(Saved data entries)

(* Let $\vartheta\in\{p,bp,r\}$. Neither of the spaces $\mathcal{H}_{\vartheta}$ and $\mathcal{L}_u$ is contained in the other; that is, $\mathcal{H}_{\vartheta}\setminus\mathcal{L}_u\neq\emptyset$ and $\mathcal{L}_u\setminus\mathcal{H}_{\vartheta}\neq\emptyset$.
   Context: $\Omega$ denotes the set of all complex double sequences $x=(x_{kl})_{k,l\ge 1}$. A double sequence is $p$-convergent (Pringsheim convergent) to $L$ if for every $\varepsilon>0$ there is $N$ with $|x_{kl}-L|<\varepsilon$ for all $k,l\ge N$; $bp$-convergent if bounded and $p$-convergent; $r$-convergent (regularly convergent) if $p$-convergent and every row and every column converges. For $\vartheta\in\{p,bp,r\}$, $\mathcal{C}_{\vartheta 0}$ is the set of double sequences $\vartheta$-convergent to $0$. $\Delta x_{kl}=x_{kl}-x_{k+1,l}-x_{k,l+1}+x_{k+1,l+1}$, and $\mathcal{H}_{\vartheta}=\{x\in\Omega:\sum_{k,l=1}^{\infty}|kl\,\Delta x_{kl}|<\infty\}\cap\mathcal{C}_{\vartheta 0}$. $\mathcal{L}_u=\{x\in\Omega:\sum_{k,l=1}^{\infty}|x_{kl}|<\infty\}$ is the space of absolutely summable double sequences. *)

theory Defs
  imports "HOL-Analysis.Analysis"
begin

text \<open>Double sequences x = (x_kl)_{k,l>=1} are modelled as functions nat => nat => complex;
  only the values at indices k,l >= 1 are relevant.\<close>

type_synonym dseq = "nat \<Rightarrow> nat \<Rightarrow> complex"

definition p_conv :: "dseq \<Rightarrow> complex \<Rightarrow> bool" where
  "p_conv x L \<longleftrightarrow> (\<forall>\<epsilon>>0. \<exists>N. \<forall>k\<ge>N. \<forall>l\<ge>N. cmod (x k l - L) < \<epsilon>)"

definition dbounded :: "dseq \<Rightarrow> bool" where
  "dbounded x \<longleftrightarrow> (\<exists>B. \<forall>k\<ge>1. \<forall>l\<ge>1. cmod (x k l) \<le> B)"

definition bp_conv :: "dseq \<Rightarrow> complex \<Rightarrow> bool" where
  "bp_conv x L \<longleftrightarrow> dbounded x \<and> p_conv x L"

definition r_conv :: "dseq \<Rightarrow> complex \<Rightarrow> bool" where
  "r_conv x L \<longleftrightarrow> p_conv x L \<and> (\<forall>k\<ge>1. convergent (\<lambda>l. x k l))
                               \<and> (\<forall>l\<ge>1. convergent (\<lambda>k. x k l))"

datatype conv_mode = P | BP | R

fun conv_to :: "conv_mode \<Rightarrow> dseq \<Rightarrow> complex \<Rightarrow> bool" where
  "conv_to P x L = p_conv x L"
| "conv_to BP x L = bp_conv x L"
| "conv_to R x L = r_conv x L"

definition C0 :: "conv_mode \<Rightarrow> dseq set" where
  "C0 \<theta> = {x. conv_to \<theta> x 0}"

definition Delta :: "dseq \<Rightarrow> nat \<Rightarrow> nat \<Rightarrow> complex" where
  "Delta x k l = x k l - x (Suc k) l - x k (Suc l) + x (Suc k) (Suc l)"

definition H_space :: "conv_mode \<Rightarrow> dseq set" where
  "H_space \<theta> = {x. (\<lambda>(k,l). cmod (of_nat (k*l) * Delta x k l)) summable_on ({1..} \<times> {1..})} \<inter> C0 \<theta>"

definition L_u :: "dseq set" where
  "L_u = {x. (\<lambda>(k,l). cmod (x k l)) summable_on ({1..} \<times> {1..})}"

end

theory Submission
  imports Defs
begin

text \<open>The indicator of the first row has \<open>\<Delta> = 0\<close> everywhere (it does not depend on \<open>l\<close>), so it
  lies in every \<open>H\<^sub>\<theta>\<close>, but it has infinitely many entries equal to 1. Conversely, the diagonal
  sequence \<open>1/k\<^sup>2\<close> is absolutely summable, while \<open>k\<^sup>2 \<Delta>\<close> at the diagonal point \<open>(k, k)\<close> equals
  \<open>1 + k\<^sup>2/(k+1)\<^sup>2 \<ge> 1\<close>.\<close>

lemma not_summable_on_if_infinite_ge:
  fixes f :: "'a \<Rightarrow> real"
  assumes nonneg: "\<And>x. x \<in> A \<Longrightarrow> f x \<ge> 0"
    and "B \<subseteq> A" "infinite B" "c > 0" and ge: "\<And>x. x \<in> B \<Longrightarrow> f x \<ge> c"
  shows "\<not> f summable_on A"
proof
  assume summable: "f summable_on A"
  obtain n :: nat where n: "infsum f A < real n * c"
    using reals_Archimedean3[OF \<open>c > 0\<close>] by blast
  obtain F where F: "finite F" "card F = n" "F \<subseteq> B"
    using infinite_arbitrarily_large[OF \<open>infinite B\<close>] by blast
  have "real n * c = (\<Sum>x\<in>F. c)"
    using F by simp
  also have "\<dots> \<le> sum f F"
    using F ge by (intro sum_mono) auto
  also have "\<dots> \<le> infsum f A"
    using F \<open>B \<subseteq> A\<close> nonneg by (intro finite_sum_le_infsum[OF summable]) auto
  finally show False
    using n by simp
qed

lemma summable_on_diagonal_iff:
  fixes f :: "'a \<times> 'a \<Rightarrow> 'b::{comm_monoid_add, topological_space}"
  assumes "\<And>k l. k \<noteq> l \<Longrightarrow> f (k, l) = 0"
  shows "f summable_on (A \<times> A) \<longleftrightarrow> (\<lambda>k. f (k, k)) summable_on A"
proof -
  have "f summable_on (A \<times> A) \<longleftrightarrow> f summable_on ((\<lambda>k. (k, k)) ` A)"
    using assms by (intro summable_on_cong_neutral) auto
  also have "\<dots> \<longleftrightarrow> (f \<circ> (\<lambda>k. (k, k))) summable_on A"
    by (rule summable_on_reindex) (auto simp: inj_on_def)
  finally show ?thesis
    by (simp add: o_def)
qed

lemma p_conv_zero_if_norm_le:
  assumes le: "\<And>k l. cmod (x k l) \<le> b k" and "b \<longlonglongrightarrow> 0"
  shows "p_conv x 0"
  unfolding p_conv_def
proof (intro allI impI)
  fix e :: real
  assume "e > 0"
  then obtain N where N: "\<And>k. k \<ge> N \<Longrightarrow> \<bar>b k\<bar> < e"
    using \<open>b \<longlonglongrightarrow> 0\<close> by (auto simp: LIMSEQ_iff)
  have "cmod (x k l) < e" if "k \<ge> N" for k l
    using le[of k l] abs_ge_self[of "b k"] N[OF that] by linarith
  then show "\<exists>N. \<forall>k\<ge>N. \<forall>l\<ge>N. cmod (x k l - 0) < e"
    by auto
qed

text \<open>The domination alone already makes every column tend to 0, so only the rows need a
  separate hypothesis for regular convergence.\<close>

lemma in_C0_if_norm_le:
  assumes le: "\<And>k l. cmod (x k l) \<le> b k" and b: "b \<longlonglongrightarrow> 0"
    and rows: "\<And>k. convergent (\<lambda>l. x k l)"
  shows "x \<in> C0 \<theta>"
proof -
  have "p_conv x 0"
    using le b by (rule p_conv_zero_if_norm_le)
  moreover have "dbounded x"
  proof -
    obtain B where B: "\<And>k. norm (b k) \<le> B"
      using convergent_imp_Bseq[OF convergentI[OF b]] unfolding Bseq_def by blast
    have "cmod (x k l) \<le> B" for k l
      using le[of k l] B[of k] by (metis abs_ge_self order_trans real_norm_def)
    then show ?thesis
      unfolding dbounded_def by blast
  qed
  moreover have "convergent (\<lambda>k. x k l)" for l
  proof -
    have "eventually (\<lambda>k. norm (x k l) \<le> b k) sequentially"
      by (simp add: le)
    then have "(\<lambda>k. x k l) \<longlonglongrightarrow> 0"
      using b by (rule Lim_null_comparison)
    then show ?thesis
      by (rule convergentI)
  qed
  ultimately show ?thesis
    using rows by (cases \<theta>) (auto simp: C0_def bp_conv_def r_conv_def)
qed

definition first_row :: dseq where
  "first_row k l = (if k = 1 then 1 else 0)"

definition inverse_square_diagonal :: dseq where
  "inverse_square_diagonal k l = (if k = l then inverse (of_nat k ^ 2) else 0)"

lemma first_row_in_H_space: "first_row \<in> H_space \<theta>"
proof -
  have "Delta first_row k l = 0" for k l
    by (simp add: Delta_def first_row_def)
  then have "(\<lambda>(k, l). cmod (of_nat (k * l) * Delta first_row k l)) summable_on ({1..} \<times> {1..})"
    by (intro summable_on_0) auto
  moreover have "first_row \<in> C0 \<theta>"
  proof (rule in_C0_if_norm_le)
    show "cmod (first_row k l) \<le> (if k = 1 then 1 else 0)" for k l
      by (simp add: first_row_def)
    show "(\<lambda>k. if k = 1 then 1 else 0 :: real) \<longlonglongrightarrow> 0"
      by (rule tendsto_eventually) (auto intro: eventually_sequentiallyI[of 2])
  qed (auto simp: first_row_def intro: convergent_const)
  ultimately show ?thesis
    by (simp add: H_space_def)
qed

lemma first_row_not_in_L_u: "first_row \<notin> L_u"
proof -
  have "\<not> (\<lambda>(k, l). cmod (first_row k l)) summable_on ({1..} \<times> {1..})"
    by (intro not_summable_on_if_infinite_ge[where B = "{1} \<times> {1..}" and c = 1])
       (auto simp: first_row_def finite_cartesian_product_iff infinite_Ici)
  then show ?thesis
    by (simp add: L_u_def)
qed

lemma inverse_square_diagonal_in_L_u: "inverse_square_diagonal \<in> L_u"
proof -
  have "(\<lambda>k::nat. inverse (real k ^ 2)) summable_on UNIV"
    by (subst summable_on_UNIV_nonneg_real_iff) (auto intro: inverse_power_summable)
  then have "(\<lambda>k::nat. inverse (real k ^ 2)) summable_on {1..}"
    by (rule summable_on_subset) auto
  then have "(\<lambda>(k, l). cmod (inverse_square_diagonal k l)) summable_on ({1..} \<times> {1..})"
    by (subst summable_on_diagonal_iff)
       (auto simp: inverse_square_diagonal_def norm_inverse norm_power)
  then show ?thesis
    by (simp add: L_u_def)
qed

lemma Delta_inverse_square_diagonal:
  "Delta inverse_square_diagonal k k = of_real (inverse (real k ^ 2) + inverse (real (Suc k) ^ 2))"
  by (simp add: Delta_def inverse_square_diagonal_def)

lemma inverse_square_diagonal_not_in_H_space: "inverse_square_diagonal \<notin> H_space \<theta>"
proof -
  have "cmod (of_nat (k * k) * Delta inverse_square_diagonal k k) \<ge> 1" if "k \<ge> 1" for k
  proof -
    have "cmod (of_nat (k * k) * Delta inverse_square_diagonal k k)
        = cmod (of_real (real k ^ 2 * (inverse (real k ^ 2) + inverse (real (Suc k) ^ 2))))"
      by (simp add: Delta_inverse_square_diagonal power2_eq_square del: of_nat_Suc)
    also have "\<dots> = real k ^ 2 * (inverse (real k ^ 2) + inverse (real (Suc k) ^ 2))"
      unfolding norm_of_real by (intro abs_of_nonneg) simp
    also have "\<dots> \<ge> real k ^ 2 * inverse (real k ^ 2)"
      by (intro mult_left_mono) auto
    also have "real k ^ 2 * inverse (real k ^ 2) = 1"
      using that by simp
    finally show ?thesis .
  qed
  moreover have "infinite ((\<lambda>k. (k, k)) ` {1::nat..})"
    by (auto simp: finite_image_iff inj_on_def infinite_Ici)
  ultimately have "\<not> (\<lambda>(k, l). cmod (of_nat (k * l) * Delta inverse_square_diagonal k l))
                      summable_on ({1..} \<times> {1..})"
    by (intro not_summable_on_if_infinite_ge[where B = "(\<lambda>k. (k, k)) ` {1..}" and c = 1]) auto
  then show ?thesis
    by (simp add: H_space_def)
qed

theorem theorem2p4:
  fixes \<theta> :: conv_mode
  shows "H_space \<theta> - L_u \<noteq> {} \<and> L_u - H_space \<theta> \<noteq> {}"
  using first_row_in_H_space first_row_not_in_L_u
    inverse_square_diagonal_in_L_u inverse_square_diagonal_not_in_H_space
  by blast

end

---

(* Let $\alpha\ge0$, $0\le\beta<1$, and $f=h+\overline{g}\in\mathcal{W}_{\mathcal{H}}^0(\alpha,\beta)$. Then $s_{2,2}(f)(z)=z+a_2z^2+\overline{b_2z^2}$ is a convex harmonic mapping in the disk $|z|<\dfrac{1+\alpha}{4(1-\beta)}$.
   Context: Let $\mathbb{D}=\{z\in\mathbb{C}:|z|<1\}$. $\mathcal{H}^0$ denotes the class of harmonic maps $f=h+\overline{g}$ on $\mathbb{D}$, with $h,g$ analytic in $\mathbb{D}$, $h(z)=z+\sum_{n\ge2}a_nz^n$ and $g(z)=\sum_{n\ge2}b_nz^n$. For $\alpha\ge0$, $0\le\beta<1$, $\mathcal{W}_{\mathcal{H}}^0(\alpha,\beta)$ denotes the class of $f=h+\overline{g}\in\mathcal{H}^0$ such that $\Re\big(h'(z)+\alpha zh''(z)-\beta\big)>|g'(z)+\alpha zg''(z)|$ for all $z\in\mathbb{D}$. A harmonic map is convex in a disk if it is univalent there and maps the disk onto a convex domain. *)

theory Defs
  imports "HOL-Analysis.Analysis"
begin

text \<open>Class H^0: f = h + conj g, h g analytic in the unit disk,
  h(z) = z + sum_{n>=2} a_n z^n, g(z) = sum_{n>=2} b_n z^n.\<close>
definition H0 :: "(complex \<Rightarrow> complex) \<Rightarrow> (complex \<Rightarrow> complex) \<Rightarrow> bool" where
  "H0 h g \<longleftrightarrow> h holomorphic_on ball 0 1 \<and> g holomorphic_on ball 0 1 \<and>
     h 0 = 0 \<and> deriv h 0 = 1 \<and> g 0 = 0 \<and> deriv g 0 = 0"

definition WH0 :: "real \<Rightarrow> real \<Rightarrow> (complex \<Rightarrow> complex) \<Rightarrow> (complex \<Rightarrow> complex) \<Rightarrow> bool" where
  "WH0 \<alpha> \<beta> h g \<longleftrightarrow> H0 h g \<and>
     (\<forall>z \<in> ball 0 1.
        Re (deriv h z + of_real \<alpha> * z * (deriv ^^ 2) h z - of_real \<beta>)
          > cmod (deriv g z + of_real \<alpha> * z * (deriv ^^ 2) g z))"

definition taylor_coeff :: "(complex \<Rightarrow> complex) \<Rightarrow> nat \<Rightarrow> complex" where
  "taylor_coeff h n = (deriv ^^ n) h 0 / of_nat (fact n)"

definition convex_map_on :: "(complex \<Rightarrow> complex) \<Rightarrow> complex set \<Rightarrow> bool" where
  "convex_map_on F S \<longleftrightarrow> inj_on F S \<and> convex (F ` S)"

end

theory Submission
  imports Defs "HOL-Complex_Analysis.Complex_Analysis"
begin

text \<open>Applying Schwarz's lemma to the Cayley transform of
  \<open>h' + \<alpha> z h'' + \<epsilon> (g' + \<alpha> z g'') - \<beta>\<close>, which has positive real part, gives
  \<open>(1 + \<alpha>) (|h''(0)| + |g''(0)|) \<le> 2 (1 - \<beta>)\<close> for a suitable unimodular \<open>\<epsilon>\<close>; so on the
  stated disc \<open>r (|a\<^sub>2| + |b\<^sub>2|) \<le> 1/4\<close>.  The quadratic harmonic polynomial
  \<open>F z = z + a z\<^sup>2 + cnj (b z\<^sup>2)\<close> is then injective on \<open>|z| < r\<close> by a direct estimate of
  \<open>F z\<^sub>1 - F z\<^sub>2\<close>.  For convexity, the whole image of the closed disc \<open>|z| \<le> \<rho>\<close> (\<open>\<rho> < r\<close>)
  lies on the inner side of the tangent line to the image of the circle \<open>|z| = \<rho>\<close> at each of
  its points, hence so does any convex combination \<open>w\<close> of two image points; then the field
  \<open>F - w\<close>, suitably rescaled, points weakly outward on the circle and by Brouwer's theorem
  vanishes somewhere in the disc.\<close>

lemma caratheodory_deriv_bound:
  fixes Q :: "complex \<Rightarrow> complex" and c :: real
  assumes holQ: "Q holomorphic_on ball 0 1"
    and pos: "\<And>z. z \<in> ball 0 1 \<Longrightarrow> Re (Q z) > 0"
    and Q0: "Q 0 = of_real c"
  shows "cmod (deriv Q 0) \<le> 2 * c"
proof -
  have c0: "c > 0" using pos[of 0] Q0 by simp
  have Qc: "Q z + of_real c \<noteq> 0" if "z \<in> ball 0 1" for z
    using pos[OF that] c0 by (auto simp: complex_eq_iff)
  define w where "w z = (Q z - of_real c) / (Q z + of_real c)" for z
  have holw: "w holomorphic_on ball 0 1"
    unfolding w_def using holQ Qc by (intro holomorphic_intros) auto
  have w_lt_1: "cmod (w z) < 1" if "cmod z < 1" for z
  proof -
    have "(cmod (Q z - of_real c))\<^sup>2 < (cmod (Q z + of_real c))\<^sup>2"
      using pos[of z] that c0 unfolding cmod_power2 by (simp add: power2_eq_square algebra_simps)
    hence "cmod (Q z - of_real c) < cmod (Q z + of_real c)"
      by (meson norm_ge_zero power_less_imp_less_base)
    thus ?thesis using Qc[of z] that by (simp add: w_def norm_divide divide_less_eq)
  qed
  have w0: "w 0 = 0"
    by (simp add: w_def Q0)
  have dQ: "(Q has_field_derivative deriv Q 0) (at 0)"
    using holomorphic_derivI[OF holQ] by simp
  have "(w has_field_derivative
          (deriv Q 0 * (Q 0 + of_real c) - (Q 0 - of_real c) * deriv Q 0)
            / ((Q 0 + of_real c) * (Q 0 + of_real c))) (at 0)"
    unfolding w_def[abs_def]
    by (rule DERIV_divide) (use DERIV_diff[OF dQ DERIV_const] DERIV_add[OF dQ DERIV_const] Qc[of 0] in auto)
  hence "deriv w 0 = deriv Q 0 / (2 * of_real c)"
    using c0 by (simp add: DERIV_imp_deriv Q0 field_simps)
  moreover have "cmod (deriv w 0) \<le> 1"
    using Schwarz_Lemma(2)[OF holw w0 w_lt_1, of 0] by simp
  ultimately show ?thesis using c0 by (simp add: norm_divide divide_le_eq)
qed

#### Brief
Among the lines above, return those that contain the string "Defs".

#### Task answer
theory Defs
  imports Defs
theory Defs
  imports Defs "HOL-Complex_Analysis.Complex_Analysis"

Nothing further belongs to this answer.